1.2141773-964338751
Cycling to success: A road to empowerment for rural girls in India. Image Credit: Armene Modi

Dubai: If many follow the saying of how teaching to fish would put dinner food at the table every night, Armene Modi believes giving a bicycle is equally important.

Modi, founder and chairperson of Ashta No Kai (ANK), has introduced a new concept to boost girls’ enrollerment at schools in rural areas of a vast country like India. This has not only delayed the possibility of early marriages, but also give the girls the power to dream big of a better tomorrow for themselves and their societies.

“I didn’t train the girls to ride bicycles. I (just) gave them bicycles,” Modi told Gulf News.

Today, the brainchild project of a the white-haired soft spoken woman is looked at as a model that can be copied in other parts of the world, especially in regions where girls don’t receive equal treatment like boys when it comes to going to school. In third world countries, many girls are not getting same opportunities of boys either for many reasons. It is either because the family is poor and thinks teaching the girl won’t help unlike the boy, or because the school is too far away and for safety reasons the family thinks it is better to keep girls at home, or may be because there are no toilets for girls at school, as Modi wrote in one of her papers.

The story goes back to 1997, when Modi was living in Japan where she taught at universities for nearly 11 years. She was inspired by the book “May You Be the Mother of a 100 sons”. The book, which is written by former Washington Post Reporter in India Elisabeth Bumiller, tells the stories of several women, speaks the realities of their lives in different areas and on different levels ranging from villagers to intellectuals and Bollywood stars.

Literacy rates among women was one of the issues raised in the book.

Illiteracy rates among little girls in rural India was also one of the issues that attracted the attention of Modi, who obtained her BA in English Literature form Pune University and her MA in TESOL from Teacher’s college at Columbia University in New York.

She went back to her city and established “Ashta No Kai” project in 10 villages in Shirur Country, Pune District, India. The name is Japanese and it means ‘for a better tomorrow”.

Modi gave it a Japanese name, “because 900 Japanese supported me with funds for 10 years,” she said. Afterwards, private donors, rotary clubs and some corporates are support the project, Modi said.

At the beginning, ANK concluded that many girls in its target villages lived between four to seven kilometres away from the nearest high school, a fact that stop girls from continuing their education beyond

She explained that her office is nearly 55 kilometres away from the villages the organization is keen to send its daughters to school.

Ashta No Kai’s bicycle Bank, where nearly 1000 bicycles are being lent to girls to use to go to schools, has enabled 10000 adolescent rural girls to complete their high school education. The enrolment rate for girls in ANK village schools is almost 100 percent. The organization’s Scholarship program, which started in 2003, has helped more than 1,050 village girls to even pursue education beyond high school.
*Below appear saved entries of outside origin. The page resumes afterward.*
(* The equivalence relation $E^0_=$ (also known as $=^{ce}$) is complete amongst the $\Pi^0_2$ equivalence relations on $\omega$ with respect to finitary reducibility: for every $\Pi^0_2$ equivalence relation $R$ on $\omega$, $R$ is finitarily reducible to $E^0_=$.
   Context: Let $W_e$ denote the $e$-th computably enumerable set under a standard indexing. The equivalence relation $E^0_=$ on $\omega$ is defined by $i~E^0_=~j$ iff $W_i=W_j$; it is a $\Pi^0_2$ equivalence relation. For equivalence relations $E,F$ on $\omega$ and $n\geq 1$, $E$ is $n$-arily reducible to $F$ if there is a total computable function $f$ taking each $n$-tuple $(x_0,\ldots,x_{n-1})$ to an $n$-tuple $(y_0,\ldots,y_{n-1})$ such that for all $i<j<n$, $x_i~E~x_j$ iff $y_i~F~y_j$. $E$ is finitarily reducible to $F$ if such $n$-ary reductions exist uniformly for all $n\in\omega$, i.e., there is a single total computable function $f(n,i,\vec{x})$ such that for each $n$, $f(n,-,-)$ is an $n$-ary reduction from $E$ to $F$. *)

theory Defs
  imports Main "HOL-Library.Nat_Bijection"
begin

text \<open>A concrete model of partial recursive functions: unary functions on nat,
  with multiple arguments coded by Cantor pairing (prod_encode).\<close>

datatype recf =
    Zero
  | Succ
  | Fst
  | Snd
  | Comp recf recf
  | Pair recf recf
  | Rec recf recf
  | Mu recf

inductive eval :: "recf \<Rightarrow> nat \<Rightarrow> nat \<Rightarrow> bool" where
  "eval Zero x 0"
| "eval Succ x (Suc x)"
| "eval Fst x (fst (prod_decode x))"
| "eval Snd x (snd (prod_decode x))"
| "eval g x y \<Longrightarrow> eval f y z \<Longrightarrow> eval (Comp f g) x z"
| "eval f x a \<Longrightarrow> eval g x b \<Longrightarrow> eval (Pair f g) x (prod_encode (a, b))"
| "eval f x y \<Longrightarrow> eval (Rec f g) (prod_encode (x, 0)) y"
| "eval (Rec f g) (prod_encode (x, n)) y \<Longrightarrow>
   eval g (prod_encode (x, prod_encode (n, y))) z \<Longrightarrow>
   eval (Rec f g) (prod_encode (x, Suc n)) z"
| "eval f (prod_encode (x, n)) 0 \<Longrightarrow>
   (\<forall>m<n. \<exists>k. eval f (prod_encode (x, m)) (Suc k)) \<Longrightarrow>
   eval (Mu f) x n"

lemma fst_prod_decode_le: "fst (prod_decode m) \<le> m"
  by (metis le_prod_encode_1 prod.collapse prod_decode_inverse)

lemma snd_prod_decode_le: "snd (prod_decode m) \<le> m"
  by (metis le_prod_encode_2 prod.collapse prod_decode_inverse)

function decode :: "nat \<Rightarrow> recf" where
  "decode n =
    (let m = n div 8; a = fst (prod_decode m); b = snd (prod_decode m) in
     if n mod 8 = 0 then Zero
     else if n mod 8 = 1 then Succ
     else if n mod 8 = 2 then Fst
     else if n mod 8 = 3 then Snd
     else if n mod 8 = 4 then Comp (decode a) (decode b)
     else if n mod 8 = 5 then Pair (decode a) (decode b)
     else if n mod 8 = 6 then Rec (decode a) (decode b)
     else Mu (decode m))"
  by auto
lemma decode_lt: "n div 8 < n" if "n mod 8 \<noteq> 0" for n :: nat
  using that by (cases "n = 0") auto

lemma decode_lta: "fst (prod_decode (n div 8)) < n" if "n mod 8 \<noteq> 0" for n :: nat
  using decode_lt[OF that] fst_prod_decode_le[of "n div 8"] by linarith

lemma decode_ltb: "snd (prod_decode (n div 8)) < n" if "n mod 8 \<noteq> 0" for n :: nat
  using decode_lt[OF that] snd_prod_decode_le[of "n div 8"] by linarith

termination
  by (relation "measure id") (use decode_lt decode_lta decode_ltb in auto)

definition phi :: "nat \<Rightarrow> nat \<Rightarrow> nat \<Rightarrow> bool" where
  "phi e x y \<longleftrightarrow> eval (decode e) x y"

definition W :: "nat \<Rightarrow> nat set" where
  "W e = {x. \<exists>y. phi e x y}"

definition ceq :: "nat \<Rightarrow> nat \<Rightarrow> bool" where
  "ceq i j \<longleftrightarrow> W i = W j"

definition decidable_pred :: "(nat \<Rightarrow> bool) \<Rightarrow> bool" where
  "decidable_pred P \<longleftrightarrow> (\<exists>e. \<forall>x. phi e x (if P x then 1 else 0))"

definition pi02 :: "(nat \<Rightarrow> nat \<Rightarrow> bool) \<Rightarrow> bool" where
  "pi02 R \<longleftrightarrow> (\<exists>P. decidable_pred P \<and>
     (\<forall>x y. R x y \<longleftrightarrow> (\<forall>a. \<exists>b. P (prod_encode (prod_encode (x, y), prod_encode (a, b))))))"

definition computable3 :: "(nat \<Rightarrow> nat \<Rightarrow> nat list \<Rightarrow> nat) \<Rightarrow> bool" where
  "computable3 f \<longleftrightarrow>
     (\<exists>e. \<forall>n i xs. phi e (prod_encode (n, prod_encode (i, list_encode xs))) (f n i xs))"

definition finitarily_reducible :: "(nat \<Rightarrow> nat \<Rightarrow> bool) \<Rightarrow> (nat \<Rightarrow> nat \<Rightarrow> bool) \<Rightarrow> bool" where
  "finitarily_reducible E F \<longleftrightarrow>
     (\<exists>f. computable3 f \<and>
        (\<forall>n xs. length xs = n \<longrightarrow>
           (\<forall>i j. i < j \<and> j < n \<longrightarrow> (E (xs ! i) (xs ! j) \<longleftrightarrow> F (f n i xs) (f n j xs)))))"

end

theory Submission
  imports Defs
begin

text \<open>Let R x y \<longleftrightarrow> (\<forall>a. \<exists>b. P \<langle>\<langle>x, y\<rangle>, \<langle>a, b\<rangle>\<rangle>) with P decidable, and fix a tuple xs with
  all entries at most N. Call u \<rightarrow> z a k-edge if z \<le> N and
  \<forall>a<k. \<exists>b. P \<langle>\<langle>u, z\<rangle>, \<langle>a, b\<rangle>\<rangle>. The reduction sends xs ! i to an index of the c.e. set
  of all \<langle>y, k\<rangle> such that y is reachable from xs ! i along k-edges. If R relates xs ! i
  and xs ! j, each is joined to the other by a k-edge for every k, so the two sets coincide.
  Otherwise, since only the finitely many pairs below N matter, some single K
  already refutes every non-R pair below N; then every path of K-edges from xs ! j stays in the
  R-class of xs ! j, so \<langle>xs ! i, K\<rangle> lies in the set for i but not in the set for j.\<close>

abbreviation cpair :: "nat \<Rightarrow> nat \<Rightarrow> nat" (\<open>\<langle>_,/ _\<rangle>\<close>) where
  "\<langle>a, b\<rangle> \<equiv> prod_encode (a, b)"

definition cfst :: "nat \<Rightarrow> nat" where "cfst w = fst (prod_decode w)"
definition csnd :: "nat \<Rightarrow> nat" where "csnd w = snd (prod_decode w)"

lemma cfst_cpair [simp]: "cfst \<langle>a, b\<rangle> = a"
  by (simp add: cfst_def)

lemma csnd_cpair [simp]: "csnd \<langle>a, b\<rangle> = b"
  by (simp add: csnd_def)

lemma cpair_cfst_csnd [simp]: "\<langle>cfst w, csnd w\<rangle> = w"
  by (simp add: cfst_def csnd_def)

lemma Collect_cpair_eq_iff:
  "{x. A (cfst x) (csnd x)} = {x. B (cfst x) (csnd x)} \<longleftrightarrow> (\<forall>y k. A y k \<longleftrightarrow> B y k)"
proof
  assume eq: "{x. A (cfst x) (csnd x)} = {x. B (cfst x) (csnd x)}"
  show "\<forall>y k. A y k \<longleftrightarrow> B y k"
  proof (intro allI)
    fix y k
    from eq have "\<langle>y, k\<rangle> \<in> {x. A (cfst x) (csnd x)} \<longleftrightarrow> \<langle>y, k\<rangle> \<in> {x. B (cfst x) (csnd x)}"
      by simp
    then show "A y k \<longleftrightarrow> B y k" by simp
  qed
qed simp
Asked if has plans to implement the project in other parts of India, Modi said “no. it takes a huuuuuge effort to work in the 10 villages I am in.”

Modi has just completed her Global Master of Arts Program at Tufts University’s Fletcher School of Diplomacy. She was also selected among four 2017 Echidna Global Scholars by Washington, D.C.-based Brookings Institute.

Commenting on the similarities and differences among different regions of the third world countries, Modi replied “yes, many similarities in obstacles, poverty, child marriage, poor infrastructure” among other issues.

Modi, who is a mother of two adult girls, received several national awards for her contributions to the empowerment of rural women.

ANK has also offered Kishori Mandals meetings, where adolescent girls were offered platforms to build self-confidence and received inputs in life skills.

One way of showing little girls how to defend themselves was to offer them Karate lessons, especially with increasing incident of violence against women and rape cases in some parts of India.

“Initially, there was a bit of resistance from parents who were not willing to send the girls to learn karate. However, when several of the girls won silver and gold medals at district, national and international meets, more parents agreed to enrol their daughters in the class,” Modi wrote.

Asked about her next step, Modi told Gulf news, “at the moment I don’t have an idea beyond wanting to start a Power Girls Brigade to spread the message in our life skills course through Peers to other girls.”